Mes bien cher.e.s frères et sœurs
J’ai plaisir à vous interpeller avec cette formule si complaisamment utilisée pendant des années par ces hommes en robe qui, du haut de leur chaire, se laissent appeler pères. Pourtant cette formule dit la fraternité et c’est bien de fraternité que je veux vous parler.
Alors que nous sommes interdits de lieu et de temps de rassemblement, j’éprouve combien je suis attachée à notre communauté (le Centre Pastoral Saint-Merry) et, d’une certaine façon, spirituellement dépendante. Je n’ai pas la grâce d’éprouver la présence de Dieu au fond de moi mais c’est par la rencontre, l’accueil et la communauté, donc par vous dont je me suis rapprochée pendant ces cinq dernières années, que je ressens comme une sollicitude et une attirance, une présence insaisissable et toute proche qui me soutient, qui m’attend. Alors ne plus vous côtoyer, ne plus vous retrouver pour célébrer ensemble est une perte dont l’ampleur m’étonne, me chagrine et perturbe profondément ma prière. Cette perte que je ne sais qualifier il me faut la transformer en renoncement pour continuer à aller de l’avant et il me faut retrouver le goût de Dieu dans d’autres rencontres, d’autres communautés liturgiques.

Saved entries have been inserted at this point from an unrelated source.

lemma card_MST_long_edges_le_packing_number:
  assumes "is_MST M d P T"
  shows "enat (card {e\<in>T. \<epsilon> < edge_len d e}) \<le> packing_number M d (\<epsilon> / 2)"
proof (cases "P = {}")
  case True
  with assms have "T = {}"
    unfolding is_MST_def spanning_tree_def edge_graph_def by blast
  then show ?thesis
    using zero_le by (simp add: zero_enat_def[symmetric])
next
  case False
  have P: "finite P" "P \<subseteq> M"
    using assms unfolding is_MST_def by auto
  obtain S where S: "S \<subseteq> P" "card {e\<in>T. \<epsilon> < edge_len d e} < card S"
    "pairwise (\<lambda>s t. \<epsilon> < d s t) S"
    by (rule MST_long_edges_separated[OF assms False])
  have "pairwise (\<lambda>s t. 2 * (\<epsilon> / 2) \<le> d s t) S"
    using S(3) by (rule pairwise_mono) auto
  then have "enat (card S) \<le> packing_number M d (\<epsilon> / 2)"
    using S(1) P finite_subset by (intro card_le_packing_number_if_separated) auto
  with S(2) show ?thesis
    by (meson enat_ord_simps(1) less_imp_le order_trans)
qed

lemma dim_Box_nonneg:
  assumes "M \<noteq> {}"
  shows "0 \<le> dim_Box M d"
proof -
  obtain x where "x \<in> M"
    using assms by blast
  then have packing: "enat 1 \<le> packing_number M d r" for r
    using card_le_packing_number_if_separated[of "{x}" r] by simp
  have "0 \<le> box_ratio M d r" if "0 < r" "r < 1" for r
  proof (cases "packing_number M d r")
    case (enat n)
    with packing[of r] have "1 \<le> n"
      by simp
    with that enat show ?thesis
      unfolding box_ratio_def by simp
  qed (simp add: box_ratio_def)
  then have "\<forall>\<^sub>F r in at_right 0. 0 \<le> box_ratio M d r"
    unfolding eventually_at_right_field by (intro exI[of _ 1]) simp
  then show ?thesis
    unfolding dim_Box_def by (intro le_Limsup) simp_all
qed
lemma maximalideal_vanishing_at:
  assumes x: "x \<in> topspace X"
  shows "maximalideal {f \<in> CP X P. f x = 0} (CP_ring X P)"
proof -
  let ?M = "{f \<in> CP X P. f x = 0}"
  have M: "ideal ?M (CP_ring X P)"
    by (rule ideal_CP_ringI) (auto intro: CP_add CP_uminus CP_mult simp: zero_closed[simplified])
  show ?thesis
  proof (rule maximalidealI[OF M])
    have "\<one>\<^bsub>CP_ring X P\<^esub> \<notin> ?M"
      using x by simp
    then show "carrier (CP_ring X P) \<noteq> ?M"
      using one_closed by blast
    fix J assume J: "ideal J (CP_ring X P)" "?M \<subseteq> J" "J \<subseteq> carrier (CP_ring X P)"
    show "J = ?M \<or> J = carrier (CP_ring X P)"
    proof (cases "J = ?M")
      case False
      then obtain g where g: "g \<in> J" "g x \<noteq> 0"
        using J by auto
      define k where "k = (\<lambda>y. if y \<in> topspace X then 1 / g x else 0)"
      have "k \<in> CP X P"
        unfolding k_def by (rule const_in_CP[OF closed_ideal_P])
      then have kg: "(\<lambda>y. k y * g y) \<in> J"
        using ideal.I_l_closed[OF J(1) g(1)] by simp
      \<comment> \<open>\<open>1 - k g\<close> vanishes at \<open>x\<close>, so lies in \<open>M\<^sub>x \<subseteq> J\<close>; adding \<open>k g\<close> shows \<open>1 \<in> J\<close>.\<close>
      define h where "h = (\<lambda>y. (if y \<in> topspace X then 1 else 0) + - (k y * g y))"
      have "h \<in> CP X P"
        unfolding h_def using one_closed kg J(3) by (intro CP_add CP_uminus) auto
      moreover have "h x = 0"
        using x g(2) by (simp add: h_def k_def)
      ultimately have "h \<in> J"
        using J(2) by blast
      then have "(\<lambda>y. h y + k y * g y) \<in> J"
        using kg ideal.axioms(1)[OF J(1)] additive_subgroup.a_closed by fastforce
      moreover have "(\<lambda>y. h y + k y * g y) = \<one>\<^bsub>CP_ring X P\<^esub>"
        by (simp add: h_def fun_eq_iff)
      ultimately have "J = carrier (CP_ring X P)"
        using ideal.one_imp_carrier[OF J(1)] by simp
      then show ?thesis ..
    qed simp
  qed
qed
(* At instrument value j' the law is uniform on the cells (y, [y = y']); at any other value z it is
   uniform on the untreated cells y with js ! y \<noteq> z, of which there is one as js is non-constant.
   Every term on the right of the inequality (y', j', js) then vanishes, while for another tuple ks
   with the same (y', j') some u has ks ! u \<noteq> js ! u, and the term p_{u0, ks!u} alone is \<ge> 1/n. *)
definition iv_witness :: "nat \<Rightarrow> nat \<Rightarrow> nat \<Rightarrow> nat list \<Rightarrow> nat \<Rightarrow> nat \<Rightarrow> nat \<Rightarrow> real" where
  "iv_witness n y' j' js y d z =
     (if z = j' then
        (if y < n \<and> d = (if y = y' then 1 else 0) then 1 / real n else 0)
      else if y < n \<and> d = 0 \<and> js ! y \<noteq> z then
        1 / real (card {u. u < n \<and> js ! u \<noteq> z})
      else 0)"

lemma iv_witness_nonneg: "0 \<le> iv_witness n y' j' js y d z"
  by (simp add: iv_witness_def)

lemma sum_lessThan_2: "(\<Sum>d<(2::nat). f d) = f 0 + (f 1 :: 'a :: comm_monoid_add)"
  by (simp add: numeral_2_eq_2)

lemma obs_law_iv_witness:
  assumes "length js = n" "nonconstant js"
  shows "obs_law n l (iv_witness n y' j' js)"
proof -
  have "(\<Sum>y<n. \<Sum>d<2. iv_witness n y' j' js y d z) = 1" for z
  proof (cases "z = j'")
    case True
    have "(\<Sum>d<2. iv_witness n y' j' js y d z) = 1 / real n" if "y < n" for y
      using that True by (simp add: sum_lessThan_2 iv_witness_def)
    moreover have "0 < n" using assms by (auto simp: nonconstant_def)
    ultimately show ?thesis by simp
  next
    case False
    let ?T = "{u. u < n \<and> js ! u \<noteq> z}"
    obtain a b where "a \<in> set js" "b \<in> set js" "a \<noteq> b"
      using assms(2) by (auto simp: nonconstant_iff)
    then have "?T \<noteq> {}" using assms(1) by (auto simp: in_set_conv_nth)
    have "(\<Sum>y<n. \<Sum>d<2. iv_witness n y' j' js y d z)
        = (\<Sum>y<n. if y \<in> ?T then 1 / real (card ?T) else 0)"
      using False by (intro sum.cong) (auto simp: sum_lessThan_2 iv_witness_def)
    also have "\<dots> = (\<Sum>y\<in>?T. 1 / real (card ?T))"
      by (simp add: sum.If_cases Int_def conj_commute)
    also have "\<dots> = 1" using \<open>?T \<noteq> {}\<close> by auto
    finally show ?thesis .
  qed
  then show ?thesis unfolding obs_law_def by (simp add: iv_witness_nonneg)
qed

lemma iv_witness_violates:
  assumes "y' < n" "length js = n" "j' \<notin> set js"
  shows "\<not> iv_ineq n (iv_witness n y' j' js) (y', j', js)"
proof -
  have "(\<Sum>j\<in>set js. iv_witness n y' j' js y' 1 j) = 0"
    using assms(3) by (intro sum.neutral) (auto simp: iv_witness_def)
  moreover have "(\<Sum>y<n. iv_witness n y' j' js y 0 (js ! y)) = 0"
    using assms(2,3) by (intro sum.neutral) (auto simp: iv_witness_def)
  moreover have "iv_witness n y' j' js y' 1 j' > 0"
    using assms(1) by (simp add: iv_witness_def)
  ultimately show ?thesis unfolding iv_ineq_def by simp
qed

lemma iv_witness_satisfies:
  assumes "length js = n" "length ks = n" "j'' \<notin> set ks" "(y'', j'', ks) \<noteq> (y', j', js)"
  shows "iv_ineq n (iv_witness n y' j' js) (y'', j'', ks)"
proof -
  let ?p = "iv_witness n y' j' js"
  have rhs_nonneg: "0 \<le> (\<Sum>j\<in>set ks. ?p y'' 1 j)" "0 \<le> (\<Sum>y<n. ?p y 0 (ks ! y))"
    by (simp_all add: sum_nonneg iv_witness_nonneg)
  show ?thesis
  proof (cases "(y'', j'') = (y', j')")
    case False
    then have "?p y'' 1 j'' = 0" by (auto simp: iv_witness_def)
    then show ?thesis unfolding iv_ineq_def using rhs_nonneg by simp
  next
    case True
    then have "ks \<noteq> js" using assms(4) by auto
    then obtain u where u: "u < n" "ks ! u \<noteq> js ! u"
      using assms(1,2) nth_equalityI[of ks js] by auto
    let ?T = "{v. v < n \<and> js ! v \<noteq> ks ! u}"
    have "ks ! u \<noteq> j'" using True u assms(2,3) by auto
    then have pu: "?p u 0 (ks ! u) = 1 / real (card ?T)"
      using u by (simp add: iv_witness_def)
    have "u \<in> ?T" using u by simp
    then have "0 < card ?T" by (auto simp: card_gt_0_iff)
    moreover have "card ?T \<le> n" using card_mono[of "{..<n}" ?T] by auto
    ultimately have "?p y'' 1 j'' \<le> 1 / real (card ?T)"
      by (auto simp: iv_witness_def frac_le)
    also have "\<dots> \<le> (\<Sum>y<n. ?p y 0 (ks ! y))"
      unfolding pu[symmetric] using u by (intro member_le_sum) (auto simp: iv_witness_nonneg)
    finally show ?thesis unfolding iv_ineq_def using rhs_nonneg by simp
  qed
qed

lemma iv_family_irredundant:
  assumes "i \<in> iv_family n l"
  shows "\<exists>p. obs_law n l p \<and> \<not> iv_ineq n p i \<and> (\<forall>k \<in> iv_family n l - {i}. iv_ineq n p k)"
proof -
  obtain y' j' js where i: "i = (y', j', js)" by (cases i)
  with assms have "y' < n" "length js = n" "j' \<notin> set js" "nonconstant js"
    unfolding iv_family_def by auto
  moreover have "iv_ineq n (iv_witness n y' j' js) k" if "k \<in> iv_family n l - {i}" for k
    using that \<open>length js = n\<close> unfolding i iv_family_def by (auto intro: iv_witness_satisfies)
  ultimately show ?thesis unfolding i
    by (intro exI[of _ "iv_witness n y' j' js"] conjI ballI)
      (simp_all add: obs_law_iv_witness iv_witness_violates)
qed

Ainsi Dieu est-il aussi présent dans cette communauté du 20e arrondissement, bigarrée, très cosmopolite et accueillant beaucoup de jeunes que j’ai rejointe un dimanche. Il est aussi dans ses chants insipides et ressassés depuis des générations, dans ces gestes liturgiques réservés aux clercs, dans cette musique tonitruante évoquant Star Wars et non la discrétion profonde et mélodieuse des cantates d’autrefois. Dieu est aussi dans ce groupe important de servants de messe, garçons et filles, jeunes et adolescents dans leur aube blanche, parcourant l’espace entre le chœur, la nef et les bas-côtés et reliant à leur façon le bas peuple et les officiants ; groupe où les rôles sont distribués sans hiérarchie ni exclusivité, une jeune fille précédant d’ailleurs la procession liturgique au début et à la fin de la messe. Et cela me donne à penser que le féminisme a peut-être plus d’avenir dans l’Église que le sacerdoce commun des fidèles, la coresponsabilité et le peuple de Dieu. « Peuple de Dieu » voilà le mot est lâché ; voilà mon deuxième acquis du coup de force clérical à l’encontre de notre communauté : je suis aujourd’hui – non pas persuadée car les papautés de Jean Paul II et Benoît XVI avaient déjà refroidi nos espoirs – affligée et blessée par la découverte que Vatican II n’était pas le point de départ d’un nouvel âge ecclésial mais la conclusion d’une évolution dont les enseignements ont depuis, progressivement, disparus des consciences et des gouvernements de l’église.
Alors oui je fais partie du groupe de requérants canoniques (contre la fermeture du Centre pastoral Saint-Merry décidée par Mgr. Michel Aupetit, archevêque de Paris) ; j’ai signé le recours dans un esprit de stricte justice, pour dire ma blessure et réclamer réparation. Et en espérant reconnaissance et respect de la diversité des églises au sein de l’Église de Dieu.